* [ASSIGNMENT]
In the data below, find every line with the word "thesis" and copy it out.

* [DATA PROVIDED]
lemma proj_vol_prod_set:
  assumes "compact X" "compact Y" "S1 \<subseteq> {..<m}" "S2 \<subseteq> {..<n}"
  shows "proj_vol (S1 \<union> (\<lambda>j. j + m) ` S2) (prod_set m n X Y) = proj_vol S1 X * proj_vol S2 Y"
proof -
  interpret product_sigma_finite "\<lambda>_::nat. lborel :: real measure"
    by standard
  define T where "T = (\<lambda>j. j + m) ` S2"
  define shift where "shift = (\<lambda>\<omega>::nat \<Rightarrow> real. \<lambda>j\<in>S2. \<omega> (j + m))"
  let ?P1 = "PiM S1 (\<lambda>_. lborel :: real measure)"
  let ?P2 = "PiM T (\<lambda>_. lborel :: real measure)"
  let ?Q = "PiM S2 (\<lambda>_. lborel :: real measure)"
  define E where "E = (\<lambda>z. restrict z (S1 \<union> T)) ` prod_set m n X Y"
  define A where "A = (\<lambda>z. restrict z S1) ` X"
  define B where "B = (\<lambda>z. restrict z S2) ` Y"
  have fin: "finite S1" "finite S2" "finite T"
    using finite_subset[OF assms(3)] finite_subset[OF assms(4)] by (auto simp: T_def)
  have disj: "S1 \<inter> T = {}"
    using assms(3) by (auto simp: T_def)
  have sets: "E \<in> sets (PiM (S1 \<union> T) (\<lambda>_. lborel))" "A \<in> sets ?P1" "B \<in> sets ?Q"
    unfolding E_def A_def B_def
    by (intro restrict_image_in_sets_PiM_lborel compact_prod_set assms(1,2))+
  have shift: "shift \<in> ?P2 \<rightarrow>\<^sub>M ?Q"
    unfolding shift_def T_def by (rule measurable_restrict) (auto intro!: measurable_component_singleton)
  have "distr ?P2 ?Q shift = ?Q"
    unfolding shift_def T_def by (rule distr_PiM_reindex) (use fin sigma_finite_lborel in auto)
  then have B: "measure ?Q B = measure ?P2 (shift -` B \<inter> space ?P2)"
    using measure_distr[OF shift sets(3)] by simp
  interpret P2: finite_product_sigma_finite "\<lambda>_::nat. lborel :: real measure" T
    by standard (rule fin(3))
  have preimage: "merge S1 T -` E \<inter> space (?P1 \<Otimes>\<^sub>M ?P2) = A \<times> (shift -` B \<inter> space ?P2)"
    unfolding E_def A_def B_def shift_def T_def by (rule merge_preimage_restrict_prod_set[OF assms(3,4)])
  have "proj_vol (S1 \<union> T) (prod_set m n X Y) = measure (PiM (S1 \<union> T) (\<lambda>_. lborel)) E"
    by (simp add: proj_vol_def E_def)
  \<comment> \<open>Fubini: the product measure on \<open>S1 \<union> T\<close> is the image of \<open>?P1 \<Otimes>\<^sub>M ?P2\<close> under \<open>merge\<close>.\<close>
  also have "\<dots> = measure (distr (?P1 \<Otimes>\<^sub>M ?P2) (PiM (S1 \<union> T) (\<lambda>_. lborel)) (merge S1 T)) E"
    by (simp add: distr_merge[OF disj fin(1,3)])
  also have "\<dots> = measure (?P1 \<Otimes>\<^sub>M ?P2) (A \<times> (shift -` B \<inter> space ?P2))"
    using measure_distr[OF measurable_merge sets(1)] preimage by simp
  also have "\<dots> = measure ?P1 A * measure ?P2 (shift -` B \<inter> space ?P2)"
    using sets(2) measurable_sets[OF shift sets(3)]
    by (simp add: measure_def P2.emeasure_pair_measure_Times enn2real_mult)
  also have "\<dots> = proj_vol S1 X * proj_vol S2 Y"
    by (simp add: proj_vol_def A_def B_def[symmetric] B[symmetric])
  finally show ?thesis by (simp add: T_def)
qed

lemma bij_betw_coord_subspaces_add:
  "bij_betw (\<lambda>(S1, S2). S1 \<union> (\<lambda>j. j + m) ` S2)
     (\<Union>(i, j)\<in>{(i, j). i \<le> m \<and> j \<le> n \<and> i + j = k}. coord_subspaces m i \<times> coord_subspaces n j)
     (coord_subspaces (m + n) k)"
proof -
  have card_le: "card S \<le> N" and fin: "finite S" if "S \<subseteq> {..<N}" for S and N :: nat
    using card_mono[OF _ that] finite_subset[OF that] by simp_all
  have dom: "(\<Union>(i, j)\<in>{(i, j). i \<le> m \<and> j \<le> n \<and> i + j = k}. coord_subspaces m i \<times> coord_subspaces n j)
      = {(S1, S2). S1 \<subseteq> {..<m} \<and> S2 \<subseteq> {..<n} \<and> card S1 + card S2 = k}"
    using card_le by (auto simp: coord_subspaces_def)
  have card_join: "card (S1 \<union> (\<lambda>j. j + m) ` S2) = card S1 + card S2"
    if "S1 \<subseteq> {..<m}" "S2 \<subseteq> {..<n}" for S1 S2
  proof -
    have "card ((\<lambda>j. j + m) ` S2) = card S2"
      by (rule card_image) (auto simp: inj_on_def)
    moreover have "S1 \<inter> (\<lambda>j. j + m) ` S2 = {}"
      using that(1) by auto
    ultimately show ?thesis
      using fin[OF that(1)] fin[OF that(2)] by (simp add: card_Un_disjoint)
  qed
  have card_unshift: "card ((\<lambda>i. i - m) ` (S - {..<m})) = card (S - {..<m})" for S
    by (rule card_image) (auto simp: inj_on_def)
  have shift_unshift: "(S1 \<union> (\<lambda>j. j + m) ` S2) \<inter> {..<m} = S1 \<and>
      (\<lambda>i. i - m) ` (S1 \<union> (\<lambda>j. j + m) ` S2 - {..<m}) = S2" if "S1 \<subseteq> {..<m}" for S1 S2
  proof -
    have "S1 \<union> (\<lambda>j. j + m) ` S2 - {..<m} = (\<lambda>j. j + m) ` S2"
      using that by auto
    then show ?thesis
      using that by (auto simp: image_image)
  qed
  have unshift_shift: "(S \<inter> {..<m}) \<union> (\<lambda>j. j + m) ` ((\<lambda>i. i - m) ` (S - {..<m})) = S" for S
    by (auto simp: image_iff) (metis le_add_diff_inverse2 not_less)
  show ?thesis
    unfolding dom
  proof (rule bij_betw_byWitness[where f'="\<lambda>S. (S \<inter> {..<m}, (\<lambda>i. i - m) ` (S - {..<m}))"])
    show "(\<lambda>(S1, S2). S1 \<union> (\<lambda>j. j + m) ` S2) ` {(S1, S2). S1 \<subseteq> {..<m} \<and> S2 \<subseteq> {..<n} \<and> card S1 + card S2 = k}
        \<subseteq> coord_subspaces (m + n) k"
      using card_join by (auto simp: coord_subspaces_def)
    show "(\<lambda>S. (S \<inter> {..<m}, (\<lambda>i. i - m) ` (S - {..<m}))) ` coord_subspaces (m + n) k
        \<subseteq> {(S1, S2). S1 \<subseteq> {..<m} \<and> S2 \<subseteq> {..<n} \<and> card S1 + card S2 = k}"
    proof clarify
      fix S assume "S \<in> coord_subspaces (m + n) k"
      then have S: "S \<subseteq> {..<m + n}" "card S = k"
        by (auto simp: coord_subspaces_def)
      have "card (S \<inter> {..<m}) + card ((\<lambda>i. i - m) ` (S - {..<m})) = k"
        using S card_Int_Diff[OF fin[OF S(1)]] by (simp add: card_unshift)
      moreover have "(\<lambda>i. i - m) ` (S - {..<m}) \<subseteq> {..<n}"
        using S(1) by force
      ultimately show "S \<inter> {..<m} \<subseteq> {..<m} \<and> (\<lambda>i. i - m) ` (S - {..<m}) \<subseteq> {..<n} \<and>
          card (S \<inter> {..<m}) + card ((\<lambda>i. i - m) ` (S - {..<m})) = k"
        by simp
    qed
  qed (use shift_unshift unshift_shift in auto)
qed
lemma path_ratio_telescope:
  assumes nz: "\<And>y. f y \<noteq> 0" and g: "\<And>y. g y = f (y + h) / f y"
  shows "path_ratio g h s i = f (s + of_int i * h) / f s"
proof (induction i rule: int_induct[where k = 0])
  case base
  show ?case using nz by (simp add: path_ratio_def)
next
  case (step1 i)
  have "path_ratio g h s (i + 1) = g (s + of_int i * h) * path_ratio g h s i"
    by (rule path_ratio_succ) (simp add: g nz)
  also have "\<dots> = f (s + of_int (i + 1) * h) / f s"
    unfolding step1(2) using nz by (simp add: g algebra_simps)
  finally show ?case .
next
  case (step2 i)
  have g_nz: "g (s + of_int (i - 1) * h) \<noteq> 0"
    by (simp add: g nz)
  have "path_ratio g h s (i - 1 + 1) = g (s + of_int (i - 1) * h) * path_ratio g h s (i - 1)"
    by (rule path_ratio_succ) (fact g_nz)
  then have "path_ratio g h s (i - 1) = path_ratio g h s i / g (s + of_int (i - 1) * h)"
    using g_nz by (simp add: field_simps)
  also have "\<dots> = f (s + of_int (i - 1) * h) / f s"
    unfolding step2(2) using nz by (simp add: g algebra_simps)
  finally show ?case .
qed

lemma floor_divide_add_self: "h \<noteq> 0 \<Longrightarrow> \<lfloor>(a + h) / h\<rfloor> = \<lfloor>a / h\<rfloor> + 1"
  for a h :: real
  by (simp add: add_divide_distrib)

* [SOLUTION TO THIS EXERCISE]
  finally show ?thesis by (simp add: T_def)
    ultimately show ?thesis
    then show ?thesis
  show ?thesis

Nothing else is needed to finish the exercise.